*Data to examine*
########
(* In the setting below, assume $Z$ is monotone on $[0,x_+]$, the initial data is the step $p_0(\xi)=1$ for $\xi\le0$ and $p_0(\xi)=0$ for $\xi>0$, and $e^{-\pi}<Z_+/Z_-<e^{\pi}$. Then $$\sum_{m=0}^\infty T_{2m}^\infty=\frac{2Z_+}{Z_-+Z_+}=C_G\,\operatorname{sech}(\log C_G),\qquad \sum_{m=0}^\infty R_{2m+1}^\infty=\frac{Z_+-Z_-}{Z_-+Z_+}=\tanh(\log C_G),$$ where $T_{2m}^\infty=\lim_{t\to\infty}T_{2m}(t)$ and $R_{2m+1}^\infty=\lim_{t\to\infty}R_{2m+1}(t)$. Both series converge.
   Context: Setting. Fix $x_+>0$. Let $K,\rho:\mathbb R\to(0,\infty)$ be continuous. On $(-\infty,0)$ they are constant, $(K,\rho)=(K_-,\rho_-)$; on $(x_+,\infty)$ they are constant, $(K,\rho)=(K_+,\rho_+)$; and on $[0,x_+]$ they are continuously differentiable. Define $Z=\sqrt{K\rho}$ and $c=\sqrt{K/\rho}$, with constant values $Z_\pm$, $c_\pm$ outside $[0,x_+]$. Let $r(x)=Z'(x)/(2Z(x))$ on $[0,x_+]$, $\tau(x)=\int_0^x ds/c(s)$, $t_+=\tau(x_+)$, and $C_G=\sqrt{Z_+/Z_-}$. A sequence $\mathbf x=(x_1,\dots,x_n)$ is alternating if $x_1\ge x_2\le x_3\ge\cdots$, that is, $x_j\le x_{j-1}$ for even $j\ge2$ and $x_j\ge x_{j-1}$ for odd $j\ge3$. Let $\mathcal P_n^{[0,x_+]}$ be the set of alternating $\mathbf x\in[0,x_+]^n$, and put $\hat t(\mathbf x)=2\sum_{j=1}^n(-1)^{j+1}\tau(x_j)$. Define $$\xi_R(\mathbf x,x,t)=-c_-(t-\hat t(\mathbf x)+\tau(x)),\qquad \xi_T(\mathbf x,x,t)=-c_-(t-\hat t(\mathbf x)-\tau(x)).$$ For $m\ge0$ define $$R_{2m+1}(t)=(-1)^m\int_{\mathcal P_{2m+1}^{[0,x_+]}}p_0(\xi_R(\mathbf x,0,t))\prod_{j=1}^{2m+1}r(x_j)\,d\mathbf x,$$ $$T_{2m}(t)=(-1)^mC_G\int_{\mathcal P_{2m}^{[0,x_+]}}p_0(\xi_T(\mathbf x,x_+,t))\prod_{j=1}^{2m}r(x_j)\,d\mathbf x,$$ with $T_0(t)=C_G\,p_0(-c_-(t-t_+))$. *)

theory Defs
  imports "HOL-Analysis.Analysis"
begin

text \<open>Sequences (x_1,...,x_n) are represented as extensional functions nat => real
  on the index set {1..n}; the measure on R^n is the product of Lebesgue-Borel measures.\<close>

definition alternating :: "nat \<Rightarrow> (nat \<Rightarrow> real) \<Rightarrow> bool" where
  "alternating n x \<longleftrightarrow>
     (\<forall>j\<in>{2..n}. (even j \<longrightarrow> x j \<le> x (j - 1)) \<and> (odd j \<longrightarrow> x (j - 1) \<le> x j))"

definition altset :: "nat \<Rightarrow> real \<Rightarrow> (nat \<Rightarrow> real) set" where
  "altset n a = {x \<in> PiE {1..n} (\<lambda>_. {0..a}). alternating n x}"

definition tau :: "(real \<Rightarrow> real) \<Rightarrow> real \<Rightarrow> real" where
  "tau c x = integral {0..x} (\<lambda>s. 1 / c s)"

definition that :: "(real \<Rightarrow> real) \<Rightarrow> nat \<Rightarrow> (nat \<Rightarrow> real) \<Rightarrow> real" where
  "that \<tau> n x = 2 * (\<Sum>j=1..n. (-1) ^ (j + 1) * \<tau> (x j))"

definition xiR :: "real \<Rightarrow> (real \<Rightarrow> real) \<Rightarrow> nat \<Rightarrow> (nat \<Rightarrow> real) \<Rightarrow> real \<Rightarrow> real \<Rightarrow> real" where
  "xiR cm \<tau> n x y t = - cm * (t - that \<tau> n x + \<tau> y)"

definition xiT :: "real \<Rightarrow> (real \<Rightarrow> real) \<Rightarrow> nat \<Rightarrow> (nat \<Rightarrow> real) \<Rightarrow> real \<Rightarrow> real \<Rightarrow> real" where
  "xiT cm \<tau> n x y t = - cm * (t - that \<tau> n x - \<tau> y)"

definition Rcoef :: "(real \<Rightarrow> real) \<Rightarrow> real \<Rightarrow> (real \<Rightarrow> real) \<Rightarrow> (real \<Rightarrow> real)
    \<Rightarrow> real \<Rightarrow> nat \<Rightarrow> real \<Rightarrow> real" where
  "Rcoef p0 cm \<tau> r xp m t =
     (-1) ^ m * (LINT x : altset (2 * m + 1) xp | PiM {1..2 * m + 1} (\<lambda>_. lborel).
        p0 (xiR cm \<tau> (2 * m + 1) x 0 t) * (\<Prod>j=1..2 * m + 1. r (x j)))"

definition Tcoef :: "(real \<Rightarrow> real) \<Rightarrow> real \<Rightarrow> real \<Rightarrow> (real \<Rightarrow> real) \<Rightarrow> (real \<Rightarrow> real)
    \<Rightarrow> real \<Rightarrow> nat \<Rightarrow> real \<Rightarrow> real" where
  "Tcoef p0 cm CG \<tau> r xp m t =
     (if m = 0 then CG * p0 (- cm * (t - \<tau> xp))
      else (-1) ^ m * CG * (LINT x : altset (2 * m) xp | PiM {1..2 * m} (\<lambda>_. lborel).
        p0 (xiT cm \<tau> (2 * m) x xp t) * (\<Prod>j=1..2 * m. r (x j))))"

end

theory Submission
  imports Defs
begin

text \<open>After the time exceeds every travel time, the step data contribute \<open>1\<close> on the whole
  integration domain, so \<open>T\<^sub>2\<^sub>m\<close> and \<open>R\<^sub>2\<^sub>m\<^sub>+\<^sub>1\<close> become constant: up to a
  sign, they are iterated integrals of \<open>q = |Z'| / (2Z)\<close> over alternating sequences.
  Integrating out the last coordinate expresses them as "ladder" functions \<open>G\<^sub>n\<close> with
  \<open>G\<^sub>n\<^sub>+\<^sub>1' = \<mp> q G\<^sub>n\<close>. The alternating partial sums then solve the linear system
  \<open>A' = -q B\<close>, \<open>B' = -q A\<close> up to the first omitted term, whose exact solution is given by
  \<open>cosh\<close> and \<open>sinh\<close> of \<open>L - \<integral>\<^sub>0\<^sup>y q\<close>, with \<open>L = \<integral> q = |log C\<^sub>G|\<close>. The omitted
  terms tend to zero because the non-alternating sums are dominated by the corresponding
  trigonometric solution, which stays finite exactly when \<open>L < \<pi>/2\<close>, i.e.
  \<open>e\<^sup>-\<^sup>\<pi> < Z\<^sub>+/Z\<^sub>- < e\<^sup>\<pi>\<close>. Evaluating at the endpoints gives \<open>sech L\<close> and \<open>tanh L\<close>.\<close>

section \<open>Alternating sets and ladder integrals\<close>

definition altset_prefix :: "nat \<Rightarrow> real \<Rightarrow> real \<Rightarrow> (nat \<Rightarrow> real) set" where
  "altset_prefix n a y = {x \<in> PiE {1..n} (\<lambda>_. {0..a}). alternating (Suc n) (x(Suc n := y))}"

text \<open>Unlike \<open>x j\<close>, the coordinate with a default value is measurable on \<open>PiM I\<close> for every \<open>j\<close>,
  so that the measurability method can handle conditions on \<open>x (j - 1)\<close> and \<open>x (Suc n)\<close>.\<close>
definition coord_or :: "nat set \<Rightarrow> real \<Rightarrow> nat \<Rightarrow> (nat \<Rightarrow> real) \<Rightarrow> real" where
  "coord_or I c j x = (if j \<in> I then x j else c)"

lemma measurable_coord_or[measurable]:
  "coord_or I c j \<in> borel_measurable (PiM I (\<lambda>_. lborel::real measure))"
  "coord_or I c j \<in> borel_measurable (PiM I (\<lambda>_. borel::real measure))"
  unfolding coord_or_def by (cases "j \<in> I"; simp)+

lemma pred_coord_or_le[measurable]:
  "Measurable.pred (PiM I (\<lambda>_. lborel::real measure)) (\<lambda>x. coord_or I c j x \<le> coord_or I c' k x)"
  "Measurable.pred (PiM I (\<lambda>_. borel::real measure)) (\<lambda>x. coord_or I c j x \<le> coord_or I c' k x)"
  unfolding pred_def by (rule borel_measurable_le; rule measurable_coord_or)+

lemma alternating_cong:
  assumes "\<And>j. j \<le> n \<Longrightarrow> f j = g j"
  shows "alternating n f = alternating n g"
  unfolding alternating_def using assms by (intro ball_cong) auto

lemma alternating_Suc:
  "alternating (Suc n) f \<longleftrightarrow> alternating n f \<and>
     (n \<ge> 1 \<longrightarrow> (even (Suc n) \<longrightarrow> f (Suc n) \<le> f n) \<and> (odd (Suc n) \<longrightarrow> f n \<le> f (Suc n)))"
proof (cases "n = 0")
  case False
  then have "{2..Suc n} = insert (Suc n) {2..n}" by auto
  with False show ?thesis unfolding alternating_def by auto
qed (simp add: alternating_def)

lemma altset_prefix_eq:
  "altset_prefix n a y = {x \<in> space (PiM {1..n} (\<lambda>_. lborel::real measure)).
     (\<forall>j\<in>{1..n}. 0 \<le> x j \<and> x j \<le> a) \<and>
     (\<forall>j\<in>{2..Suc n}. (even j \<longrightarrow> coord_or {1..n} y j x \<le> coord_or {1..n} y (j - 1) x)
        \<and> (odd j \<longrightarrow> coord_or {1..n} y (j - 1) x \<le> coord_or {1..n} y j x))}"
proof -
  have "alternating (Suc n) (x(Suc n := y)) \<longleftrightarrow>
      (\<forall>j\<in>{2..Suc n}. (even j \<longrightarrow> coord_or {1..n} y j x \<le> coord_or {1..n} y (j - 1) x)
        \<and> (odd j \<longrightarrow> coord_or {1..n} y (j - 1) x \<le> coord_or {1..n} y j x))" for x
    unfolding alternating_def
  proof (intro ball_cong refl)
    fix j assume "j \<in> {2..Suc n}"
    then have "coord_or {1..n} y j x = (x(Suc n := y)) j"
      and "coord_or {1..n} y (j - 1) x = (x(Suc n := y)) (j - 1)"
      by (auto simp: coord_or_def)
    then show "((even j \<longrightarrow> (x(Suc n := y)) j \<le> (x(Suc n := y)) (j - 1))
        \<and> (odd j \<longrightarrow> (x(Suc n := y)) (j - 1) \<le> (x(Suc n := y)) j)) =
      ((even j \<longrightarrow> coord_or {1..n} y j x \<le> coord_or {1..n} y (j - 1) x)
        \<and> (odd j \<longrightarrow> coord_or {1..n} y (j - 1) x \<le> coord_or {1..n} y j x))"
      by simp
  qed
  then show ?thesis
    unfolding altset_prefix_def space_PiM by (auto simp: PiE_iff)
qed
########
*What is needed*
Considering only the material above, set down every line from the one with "text \<open>After the" to the one with "terms tend to", inclusive, exactly as written.

*Task answer*
text \<open>After the time exceeds every travel time, the step data contribute \<open>1\<close> on the whole
  integration domain, so \<open>T\<^sub>2\<^sub>m\<close> and \<open>R\<^sub>2\<^sub>m\<^sub>+\<^sub>1\<close> become constant: up to a
  sign, they are iterated integrals of \<open>q = |Z'| / (2Z)\<close> over alternating sequences.
  Integrating out the last coordinate expresses them as "ladder" functions \<open>G\<^sub>n\<close> with
  \<open>G\<^sub>n\<^sub>+\<^sub>1' = \<mp> q G\<^sub>n\<close>. The alternating partial sums then solve the linear system
  \<open>A' = -q B\<close>, \<open>B' = -q A\<close> up to the first omitted term, whose exact solution is given by
  \<open>cosh\<close> and \<open>sinh\<close> of \<open>L - \<integral>\<^sub>0\<^sup>y q\<close>, with \<open>L = \<integral> q = |log C\<^sub>G|\<close>. The omitted
  terms tend to zero because the non-alternating sums are dominated by the corresponding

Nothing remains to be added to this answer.